━━━ SUPPLIED MATERIAL

lemma poly_mapping_sum_single:
  "p = (\<Sum>k\<in>Poly_Mapping.keys p. Poly_Mapping.single k (Poly_Mapping.lookup p k))"
proof (rule poly_mapping_eqI)
  fix k
  have "(\<Sum>x\<in>Poly_Mapping.keys p.
        Poly_Mapping.lookup (Poly_Mapping.single x (Poly_Mapping.lookup p x)) k) =
      (\<Sum>x\<in>Poly_Mapping.keys p. if x = k then Poly_Mapping.lookup p k else 0)"
    by (rule sum.cong) (auto simp: lookup_single when_def)
  then show "Poly_Mapping.lookup p k =
      Poly_Mapping.lookup (\<Sum>k\<in>Poly_Mapping.keys p. Poly_Mapping.single k (Poly_Mapping.lookup p k)) k"
    by (simp add: lookup_sum in_keys_iff)
qed

lemma single_diff_single_add:
  "Poly_Mapping.single (m - Poly_Mapping.single a 1 + m') (of_nat (Poly_Mapping.lookup m a) * x) =
   Poly_Mapping.single (m + m' - Poly_Mapping.single a 1) (of_nat (Poly_Mapping.lookup m a) * x)"
proof (cases "Poly_Mapping.lookup m a = 0")
  case False
  then have "m - Poly_Mapping.single a 1 + m' = m + m' - Poly_Mapping.single a 1"
    by (intro poly_mapping_eqI) (auto simp: lookup_add lookup_minus lookup_single when_def)
  then show ?thesis by simp
qed simp

lemma pdiff_mult_single:
  "pdiff a (Poly_Mapping.single m c * Poly_Mapping.single m' c') =
     pdiff a (Poly_Mapping.single m c) * Poly_Mapping.single m' c' +
     Poly_Mapping.single m c * pdiff a (Poly_Mapping.single m' c')"
  using single_diff_single_add[of m a m' "c * c'"] single_diff_single_add[of m' a m "c * c'"]
  by (simp add: mult_single pdiff_single lookup_add single_add[symmetric] algebra_simps)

━━━━━━

#### TASK TO COMPLETE:
All of the data above should be transcribed exactly.

#### SOLUTION TO THIS TASK:
lemma poly_mapping_sum_single:
  "p = (\<Sum>k\<in>Poly_Mapping.keys p. Poly_Mapping.single k (Poly_Mapping.lookup p k))"
proof (rule poly_mapping_eqI)
  fix k
  have "(\<Sum>x\<in>Poly_Mapping.keys p.
        Poly_Mapping.lookup (Poly_Mapping.single x (Poly_Mapping.lookup p x)) k) =
      (\<Sum>x\<in>Poly_Mapping.keys p. if x = k then Poly_Mapping.lookup p k else 0)"
    by (rule sum.cong) (auto simp: lookup_single when_def)
  then show "Poly_Mapping.lookup p k =
      Poly_Mapping.lookup (\<Sum>k\<in>Poly_Mapping.keys p. Poly_Mapping.single k (Poly_Mapping.lookup p k)) k"
    by (simp add: lookup_sum in_keys_iff)
qed

lemma single_diff_single_add:
  "Poly_Mapping.single (m - Poly_Mapping.single a 1 + m') (of_nat (Poly_Mapping.lookup m a) * x) =
   Poly_Mapping.single (m + m' - Poly_Mapping.single a 1) (of_nat (Poly_Mapping.lookup m a) * x)"
proof (cases "Poly_Mapping.lookup m a = 0")
  case False
  then have "m - Poly_Mapping.single a 1 + m' = m + m' - Poly_Mapping.single a 1"
    by (intro poly_mapping_eqI) (auto simp: lookup_add lookup_minus lookup_single when_def)
  then show ?thesis by simp
qed simp

lemma pdiff_mult_single:
  "pdiff a (Poly_Mapping.single m c * Poly_Mapping.single m' c') =
     pdiff a (Poly_Mapping.single m c) * Poly_Mapping.single m' c' +
     Poly_Mapping.single m c * pdiff a (Poly_Mapping.single m' c')"
  using single_diff_single_add[of m a m' "c * c'"] single_diff_single_add[of m' a m "c * c'"]
  by (simp add: mult_single pdiff_single lookup_add single_add[symmetric] algebra_simps)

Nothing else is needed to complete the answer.